▸ YOUR GOAL: Your job with the data below is to output exactly the lines from the one holding "using assms(3) by (intro mult_left_le)" down to the one holding "t)) has_real_derivative rhs_X", both included, and no others.

▸ DATASET RECORDS:
--------

lemma row_potential_last: "row_potential a = 0"
  using row_len_above[of "a + 1"] by (simp add: row_potential_def diag_coeff_def)

lemma row_weighted_toggle_sum:
  assumes "0 < i" and "i \<le> a"
  shows "(\<Sum>j=1..b. diag_coeff a b (real j - real i) * toggle (grid a b) grid_le (i, j) I) =
    real (row_len i) - real i + (real a - real b + 1) / 2 + (row_potential i - row_potential (i - 1))"
proof -
  have "row_len i \<le> row_len (i - 1)"
    by (simp add: row_len_antimono)
  with \<open>0 < i\<close> have entering:
    "(if row_len i < row_len (i - 1) then diag_coeff a b (real (row_len i + 1) - real i) else 0)
      + row_potential (i - 1) = diag_coeff a b (real (row_len i) - real i + 1)"
    by (auto simp: row_potential_def algebra_simps)
  have leaving:
    "(if row_len (i + 1) < row_len i then diag_coeff a b (real (row_len i) - real i) else 0)
      + row_potential i = diag_coeff a b (real (row_len i) - real i)"
    by (simp add: row_potential_def)
  show ?thesis
    using row_toggle_sum[OF assms, of "\<lambda>j. diag_coeff a b (real j - real i)"] entering leaving
      diag_coeff_Suc_diff[of a b "real (row_len i) - real i"]
    by simp
qed

lemma weighted_toggle_sum:
  "(\<Sum>(i, j)\<in>grid a b. diag_coeff a b (real j - real i) * toggle (grid a b) grid_le (i, j) I) =
    (\<Sum>p\<in>grid a b. ind p I) - real a * real b / 2"
proof -
  have "(\<Sum>(i, j)\<in>grid a b. diag_coeff a b (real j - real i) * toggle (grid a b) grid_le (i, j) I) =
    (\<Sum>i=1..a. real (row_len i) - real i + (real a - real b + 1) / 2
      + (row_potential i - row_potential (i - 1)))"
    unfolding sum_grid prod.case by (intro sum.cong refl row_weighted_toggle_sum) auto
  also have "\<dots> = (\<Sum>i=1..a. real (row_len i)) - (\<Sum>i=1..a. real i)
      + real a * (real a - real b + 1) / 2"
    using sum_telescope''[of 0 a row_potential]
    by (simp add: sum.distrib sum_subtractf row_potential_0 row_potential_last)
  also have "\<dots> = (\<Sum>p\<in>grid a b. ind p I) - real a * real b / 2"
    using double_gauss_sum_from_Suc_0[of a, where ?'a = real]
    by (simp add: sum_ind_eq_sum_row_len field_simps)
  finally show ?thesis .
qed

end

theorem corollary3p11:
  fixes a b :: nat
  assumes "a \<ge> 1" and "b \<ge> 1"
  shows "toggle_equiv (grid a b) grid_le
           (\<lambda>I. \<Sum>p\<in>grid a b. ind p I) (\<lambda>I. real a * real b / 2)"
  unfolding toggle_equiv_def
proof (intro exI ballI)
  fix I
  assume "I \<in> order_ideals (grid a b) grid_le"
  then interpret grid_ideal a b I
    by unfold_locales
  show "(\<Sum>p\<in>grid a b. ind p I) - real a * real b / 2 =
    (\<Sum>x\<in>grid a b. (\<lambda>(i, j). diag_coeff a b (real j - real i)) x * toggle (grid a b) grid_le x I)"
    using weighted_toggle_sum by (simp add: case_prod_beta)
qed

end
text \<open>The tag \<open>lenf\<close> recovers the mixture index from an output, so the mixture loses nothing.\<close>

lemma chi2_cap_mixture:
  fixes D :: "'t pmf" and V :: "'t \<Rightarrow> bool \<Rightarrow> 'y pmf" and g :: "'y \<Rightarrow> 'z" and lenf :: "'y \<Rightarrow> 't"
  assumes inj: "inj g"
    and len: "\<And>t s y. y \<in> set_pmf (V t s) \<Longrightarrow> lenf y = t"
  shows "chi2_cap (\<lambda>s. D \<bind> (\<lambda>t. map_pmf g (V t s))) = (\<Sum>\<^sub>\<infinity>t. pmf D t * chi2_cap (V t))"
    and "(\<lambda>t. pmf D t * chi2_cap (V t)) summable_on UNIV"
proof -
  define P where "P s = D \<bind> (\<lambda>t. map_pmf (\<lambda>y. (t, y)) (V t s))" for s
  have P_tagged: "lenf (snd w) = fst w" if "w \<in> set_pmf (P s)" for w s
    using that len unfolding P_def by auto
  have inj_P: "inj_on (g \<circ> snd) (set_pmf (P True) \<union> set_pmf (P False))"
  proof (rule inj_onI)
    fix u v assume "u \<in> set_pmf (P True) \<union> set_pmf (P False)" "v \<in> set_pmf (P True) \<union> set_pmf (P False)"
      and "(g \<circ> snd) u = (g \<circ> snd) v"
    then have "lenf (snd u) = fst u" "lenf (snd v) = fst v" "snd u = snd v"
      using P_tagged inj by (blast, blast, simp add: inj_eq)
    then show "u = v" by (metis prod.collapse)
  qed
  have "chi2_cap (\<lambda>s. D \<bind> (\<lambda>t. map_pmf g (V t s))) = chi2_cap (\<lambda>s. map_pmf (g \<circ> snd) (P s))"
    unfolding P_def by (simp add: map_bind_pmf pmf.map_comp o_def)
  also have "\<dots> = chi2_cap P" by (rule chi2_cap_map_pmf_inj_on[OF inj_P])
  finally have cap_P: "chi2_cap (\<lambda>s. D \<bind> (\<lambda>t. map_pmf g (V t s))) = chi2_cap P" .
  have pmf_P: "pmf (P s) (t, y) = pmf D t * pmf (V t s) y" for s t y
  proof -
    have "pmf (P s) (t, y) = measure_pmf.expectation D (\<lambda>t'. if t' = t then pmf (V t s) y else 0)"
      unfolding P_def pmf_bind by (intro integral_cong_AE) (auto simp: pmf_map_pair_right)
    also have "\<dots> = (\<Sum>t'\<in>{t}. (if t' = t then pmf (V t s) y else 0) * pmf D t')"
      by (rule integral_measure_pmf_real) (auto split: if_splits)
    finally show ?thesis by simp
  qed
  have inner: "(\<Sum>\<^sub>\<infinity>y. chi2_cap_term (pmf (P True) (t, y)) (pmf (P False) (t, y))) = pmf D t * chi2_cap (V t)" for t
    unfolding pmf_P chi2_cap_term_scale[OF pmf_nonneg] chi2_cap_def by (rule infsum_cmult_right')
  show "chi2_cap (\<lambda>s. D \<bind> (\<lambda>t. map_pmf g (V t s))) = (\<Sum>\<^sub>\<infinity>t. pmf D t * chi2_cap (V t))"
    unfolding cap_P chi2_cap_def infsum_prod_UNIV(1)[OF chi2_cap_term_summable_on]
    by (simp only: inner[unfolded chi2_cap_def])
  show "(\<lambda>t. pmf D t * chi2_cap (V t)) summable_on UNIV"
    using infsum_prod_UNIV(2)[OF chi2_cap_term_summable_on, of P] unfolding inner .
qed
lemma solves_S_blowup:
  fixes d :: nat and q \<kappa> \<delta> :: real and p e z w :: "real \<Rightarrow> real"
  defines "G u \<equiv> desingularized_field d q (u, p u, e u, z u, w u)"
  assumes "d > 0" "0 < \<kappa>" "\<kappa> < \<delta>"
    and "\<And>u. u \<in> {0<..<\<delta>} \<Longrightarrow> ((\<lambda>v. v\<^sup>2 * p v) has_real_derivative u ^ 3 * fst (G u)) (at u)"
    and "\<And>u. u \<in> {0<..<\<delta>} \<Longrightarrow> (e has_real_derivative u * fst (snd (G u))) (at u)"
    and "\<And>u. u \<in> {0<..<\<delta>} \<Longrightarrow> (z has_real_derivative u * fst (snd (snd (G u)))) (at u)"
    and "\<And>u. u \<in> {0<..<\<delta>} \<Longrightarrow> (w has_real_derivative u * snd (snd (snd (G u)))) (at u)"
  shows "solves_S d q {..0} (\<lambda>t. blowup_X d p e (\<kappa> * exp t)) (\<lambda>t. blowup_Y e (\<kappa> * exp t))
    (\<lambda>t. blowup_Z z (\<kappa> * exp t)) (\<lambda>t. blowup_W w (\<kappa> * exp t))"
  unfolding solves_S_iff
proof
  fix t :: real assume "t \<in> {..0}"
  then have "\<kappa> * exp t \<le> \<kappa>"
    using assms(3) by (intro mult_left_le) auto
  moreover have "0 < \<kappa> * exp t"
    using assms(3) by simp
  ultimately have "\<kappa> * exp t \<in> {0<..<\<delta>}"
    using assms(4) by simp
  note derivs = blowup_has_derivatives[OF assms(2) _ assms(5-8)[OF this, unfolded G_def]]
  show "((\<lambda>t. blowup_X d p e (\<kappa> * exp t)) has_real_derivative rhs_X d q (blowup_X d p e (\<kappa> * exp t))
      (blowup_Y e (\<kappa> * exp t)) (blowup_Z z (\<kappa> * exp t)) (blowup_W w (\<kappa> * exp t))) (at t within {..0}) \<and>
    ((\<lambda>t. blowup_Y e (\<kappa> * exp t)) has_real_derivative rhs_Y d (blowup_X d p e (\<kappa> * exp t))
      (blowup_Y e (\<kappa> * exp t)) (blowup_Z z (\<kappa> * exp t))) (at t within {..0}) \<and>
    ((\<lambda>t. blowup_Z z (\<kappa> * exp t)) has_real_derivative rhs_Z d q (blowup_X d p e (\<kappa> * exp t))
      (blowup_Z z (\<kappa> * exp t)) (blowup_W w (\<kappa> * exp t))) (at t within {..0}) \<and>
    ((\<lambda>t. blowup_W w (\<kappa> * exp t)) has_real_derivative rhs_W d (blowup_X d p e (\<kappa> * exp t))
      (blowup_Z z (\<kappa> * exp t)) (blowup_W w (\<kappa> * exp t))) (at t within {..0})"
    using assms(3) by (intro conjI exp_time_change_has_derivative derivs) auto
qed

lemma desingularized_solution_exists:
  fixes d :: nat and q \<gamma> :: real
  obtains \<delta> :: real and p e z w :: "real \<Rightarrow> real" where
    "0 < \<delta>" "isCont p 0" "isCont e 0" "isCont z 0" "isCont w 0"
    "e 0 = 1" "z 0 = - \<gamma>" "w 0 = 1" "\<And>u. \<bar>e u - 1\<bar> \<le> 1/2"
    "\<And>u. u \<in> {0<..<\<delta>} \<Longrightarrow>
       ((\<lambda>v. v\<^sup>2 * p v) has_real_derivative u ^ 3 * fst (desingularized_field d q (u, p u, e u, z u, w u))) (at u)"
    "\<And>u. u \<in> {0<..<\<delta>} \<Longrightarrow>
       (e has_real_derivative u * fst (snd (desingularized_field d q (u, p u, e u, z u, w u)))) (at u)"
    "\<And>u. u \<in> {0<..<\<delta>} \<Longrightarrow>
       (z has_real_derivative u * fst (snd (snd (desingularized_field d q (u, p u, e u, z u, w u))))) (at u)"
    "\<And>u. u \<in> {0<..<\<delta>} \<Longrightarrow>
       (w has_real_derivative u * snd (snd (snd (desingularized_field d q (u, p u, e u, z u, w u))))) (at u)"
proof -
  define c :: "real \<times> real \<times> real \<times> real" where "c = (0, 1, - \<gamma>, 1)"
  txt \<open>Weight 2 on the first component: the \<open>X\<close>-equation is solved for \<open>u\<^sup>2 p\<close>.\<close>
  define k :: "real \<times> real \<times> real \<times> real \<Rightarrow> nat" where "k b = (if b = (1, 0, 0, 0) then 2 else 0)" for b
  have "bounded_lipschitz_on ({0..1} \<times> cball c (1/2)) (desingularized_field d q)"
    by (intro bounded_lipschitz_on_desingularized_field bounded_Times) auto
  then obtain \<delta> y where \<delta>: "0 < \<delta>" and y: "continuous_on UNIV y" "y 0 = c" "\<And>u. y u \<in> cball c (1/2)"
    and dy: "\<And>u b. u \<in> {0<..<\<delta>} \<Longrightarrow> b \<in> Basis \<Longrightarrow>
       ((\<lambda>v. v ^ k b * ((y v - c) \<bullet> b)) has_real_derivative
         u ^ (k b + 1) * (desingularized_field d q (u, y u) \<bullet> b)) (at u)"
    by (rule singular_system_local_solution[where r = "1/2" and k = k, rotated]) auto
  define p where "p u = fst (y u)" for u
  define e where "e u = fst (snd (y u))" for u
  define z where "z u = fst (snd (snd (y u)))" for u
  define w where "w u = snd (snd (snd (y u)))" for u
  have y_eq: "y u = (p u, e u, z u, w u)" for u
    by (simp add: p_def e_def z_def w_def)
  show ?thesis
  proof (rule that[OF \<delta>])
    have "isCont y 0"
      using y(1) by (simp add: continuous_on_eq_continuous_at)
    then show "isCont p 0" "isCont e 0" "isCont z 0" "isCont w 0"
      unfolding p_def[abs_def] e_def[abs_def] z_def[abs_def] w_def[abs_def] by (auto intro!: continuous_intros)
    show "e 0 = 1" "z 0 = - \<gamma>" "w 0 = 1"
      using y(2) by (simp_all add: e_def z_def w_def c_def)
    fix u
    have "(0, 1, 0, 0) \<in> (Basis :: (real \<times> real \<times> real \<times> real) set)"
      by (simp add: Basis_prod_def zero_prod_def)
    from Basis_le_norm[OF this, of "c - y u"] show "\<bar>e u - 1\<bar> \<le> 1/2"
      using y(3)[of u] by (simp add: y_eq c_def dist_norm abs_minus_commute)
    assume u: "u \<in> {0<..<\<delta>}"
    show "((\<lambda>v. v\<^sup>2 * p v) has_real_derivative u ^ 3 * fst (desingularized_field d q (u, p u, e u, z u, w u))) (at u)"
      using dy[OF u, of "(1, 0, 0, 0)"] by (simp add: Basis_prod_def zero_prod_def inner_prod_def k_def c_def y_eq)
    show "(e has_real_derivative u * fst (snd (desingularized_field d q (u, p u, e u, z u, w u)))) (at u)"
      using dy[OF u, of "(0, 1, 0, 0)"]
      by (simp add: Basis_prod_def zero_prod_def inner_prod_def k_def c_def y_eq
          has_real_derivative_iff_has_vector_derivative has_vector_derivative_diff_const)
    show "(z has_real_derivative u * fst (snd (snd (desingularized_field d q (u, p u, e u, z u, w u))))) (at u)"
      using dy[OF u, of "(0, 0, 1, 0)"]
      by (simp add: Basis_prod_def zero_prod_def inner_prod_def k_def c_def y_eq
          has_real_derivative_iff_has_vector_derivative has_vector_derivative_add_const)
    show "(w has_real_derivative u * snd (snd (snd (desingularized_field d q (u, p u, e u, z u, w u))))) (at u)"
      using dy[OF u, of "(0, 0, 0, 1)"]
      by (simp add: Basis_prod_def zero_prod_def inner_prod_def k_def c_def y_eq
          has_real_derivative_iff_has_vector_derivative has_vector_derivative_diff_const)
  qed
qed

lemma blowup_asymptotics:
  fixes d :: nat and \<kappa> \<gamma> :: real and p e z w :: "real \<Rightarrow> real"
  defines "X \<equiv> \<lambda>t. blowup_X d p e (\<kappa> * exp t)" and "Y \<equiv> \<lambda>t. blowup_Y e (\<kappa> * exp t)"
    and "Z \<equiv> \<lambda>t. blowup_Z z (\<kappa> * exp t)" and "W \<equiv> \<lambda>t. blowup_W w (\<kappa> * exp t)"
  assumes "0 < \<kappa>" "isCont p 0" "isCont e 0" "isCont z 0" "isCont w 0" "e 0 = 1" "z 0 = - \<gamma>" "w 0 = 1"
  shows "\<exists>C. \<forall>\<^sub>F t in at_bot. exp (-2 * t) * sqrt ((X t - 0)\<^sup>2 + (Z t - 1)\<^sup>2 + (W t - 0)\<^sup>2) \<le> C"
    and "\<exists>C. \<forall>\<^sub>F t in at_bot. exp (- t) * \<bar>Y t\<bar> \<le> C"
    and "((\<lambda>t. W t / (Y t)\<^sup>2) \<longlongrightarrow> 1) at_bot"
    and "((\<lambda>t. (1 - Z t) / (Y t)\<^sup>2) \<longlongrightarrow> \<gamma>) at_bot"
proof -
  have u: "((\<lambda>t. \<kappa> * exp t) \<longlongrightarrow> 0) at_bot"
    by (rule tendsto_mult_right_zero[OF exp_at_bot])
  have lim: "((\<lambda>t. f (\<kappa> * exp t)) \<longlongrightarrow> f 0) at_bot" if "isCont f 0" for f :: "real \<Rightarrow> real"
    using isCont_tendsto_compose[OF that u] .
  have bounded: "\<exists>C. \<forall>\<^sub>F t in at_bot. f t \<le> C" if "(f \<longlongrightarrow> l) at_bot" for f :: "real \<Rightarrow> real" and l
  proof
    show "\<forall>\<^sub>F t in at_bot. f t \<le> l + 1"
      using order_tendstoD(2)[OF that, of "l + 1"] by (simp add: eventually_mono)
  qed
  have u_pos: "0 < \<kappa> * exp t" for t
    using assms(5) by simp
  have "exp (-2 * t) * sqrt ((X t - 0)\<^sup>2 + (Z t - 1)\<^sup>2 + (W t - 0)\<^sup>2)
      = \<kappa>\<^sup>2 * sqrt ((rescaled_X d (p (\<kappa> * exp t)) (e (\<kappa> * exp t)))\<^sup>2 + (z (\<kappa> * exp t))\<^sup>2 + (w (\<kappa> * exp t))\<^sup>2)"
    for t
  proof -
    have sum_sq: "(X t - 0)\<^sup>2 + (Z t - 1)\<^sup>2 + (W t - 0)\<^sup>2
        = ((\<kappa> * exp t)\<^sup>2)\<^sup>2 * ((rescaled_X d (p (\<kappa> * exp t)) (e (\<kappa> * exp t)))\<^sup>2 + (z (\<kappa> * exp t))\<^sup>2 + (w (\<kappa> * exp t))\<^sup>2)"
      by (simp add: X_def Z_def W_def blowup_X_def blowup_Z_def blowup_W_def power_mult_distrib algebra_simps)
    have "exp (-2 * t) * exp t * exp t = 1"
      by (simp add: exp_add[symmetric])
    then have exp_u: "exp (-2 * t) * (\<kappa> * exp t)\<^sup>2 = \<kappa>\<^sup>2"
      by (simp add: power2_eq_square algebra_simps)
    show ?thesis
      by (simp only: sum_sq real_sqrt_mult real_sqrt_abs abs_power2 mult.assoc[symmetric] exp_u)
  qed
  moreover have "((\<lambda>t. \<kappa>\<^sup>2 * sqrt ((rescaled_X d (p (\<kappa> * exp t)) (e (\<kappa> * exp t)))\<^sup>2 + (z (\<kappa> * exp t))\<^sup>2 + (w (\<kappa> * exp t))\<^sup>2))
      \<longlongrightarrow> \<kappa>\<^sup>2 * sqrt ((rescaled_X d (p 0) (e 0))\<^sup>2 + (z 0)\<^sup>2 + (w 0)\<^sup>2)) at_bot"
    unfolding rescaled_X_def using assms(6-9) by (intro tendsto_intros lim)
  ultimately show "\<exists>C. \<forall>\<^sub>F t in at_bot. exp (-2 * t) * sqrt ((X t - 0)\<^sup>2 + (Z t - 1)\<^sup>2 + (W t - 0)\<^sup>2) \<le> C"
    by (simp add: bounded)
  have "exp (- t) * \<bar>Y t\<bar> = \<kappa> * \<bar>e (\<kappa> * exp t)\<bar>" for t
    using assms(5) by (simp add: Y_def blowup_Y_def abs_mult exp_minus field_simps)
  moreover have "((\<lambda>t. \<kappa> * \<bar>e (\<kappa> * exp t)\<bar>) \<longlongrightarrow> \<kappa> * \<bar>e 0\<bar>) at_bot"
    using assms(7) by (intro tendsto_intros lim)
  ultimately show "\<exists>C. \<forall>\<^sub>F t in at_bot. exp (- t) * \<bar>Y t\<bar> \<le> C"
    by (simp add: bounded)
  have "W t / (Y t)\<^sup>2 = w (\<kappa> * exp t) / (e (\<kappa> * exp t))\<^sup>2" for t
    using u_pos[of t] assms(5) by (simp add: W_def Y_def blowup_W_def blowup_Y_def power_mult_distrib)
  moreover have "((\<lambda>t. w (\<kappa> * exp t) / (e (\<kappa> * exp t))\<^sup>2) \<longlongrightarrow> w 0 / (e 0)\<^sup>2) at_bot"
    using assms(7,9,10) by (intro tendsto_intros lim) auto
  ultimately show "((\<lambda>t. W t / (Y t)\<^sup>2) \<longlongrightarrow> 1) at_bot"
    using assms(10,12) by simp
  have "(1 - Z t) / (Y t)\<^sup>2 = - z (\<kappa> * exp t) / (e (\<kappa> * exp t))\<^sup>2" for t
    using u_pos[of t] assms(5) by (simp add: Z_def Y_def blowup_Z_def blowup_Y_def power_mult_distrib)
  moreover have "((\<lambda>t. - z (\<kappa> * exp t) / (e (\<kappa> * exp t))\<^sup>2) \<longlongrightarrow> - z 0 / (e 0)\<^sup>2) at_bot"
    using assms(7,8,10) by (intro tendsto_intros lim) auto
  ultimately show "((\<lambda>t. (1 - Z t) / (Y t)\<^sup>2) \<longlongrightarrow> \<gamma>) at_bot"
    using assms(10,11) by simp
qed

--------

▸ FINISHED TASK:
    using assms(3) by (intro mult_left_le) auto
  moreover have "0 < \<kappa> * exp t"
    using assms(3) by simp
  ultimately have "\<kappa> * exp t \<in> {0<..<\<delta>}"
    using assms(4) by simp
  note derivs = blowup_has_derivatives[OF assms(2) _ assms(5-8)[OF this, unfolded G_def]]
  show "((\<lambda>t. blowup_X d p e (\<kappa> * exp t)) has_real_derivative rhs_X d q (blowup_X d p e (\<kappa> * exp t))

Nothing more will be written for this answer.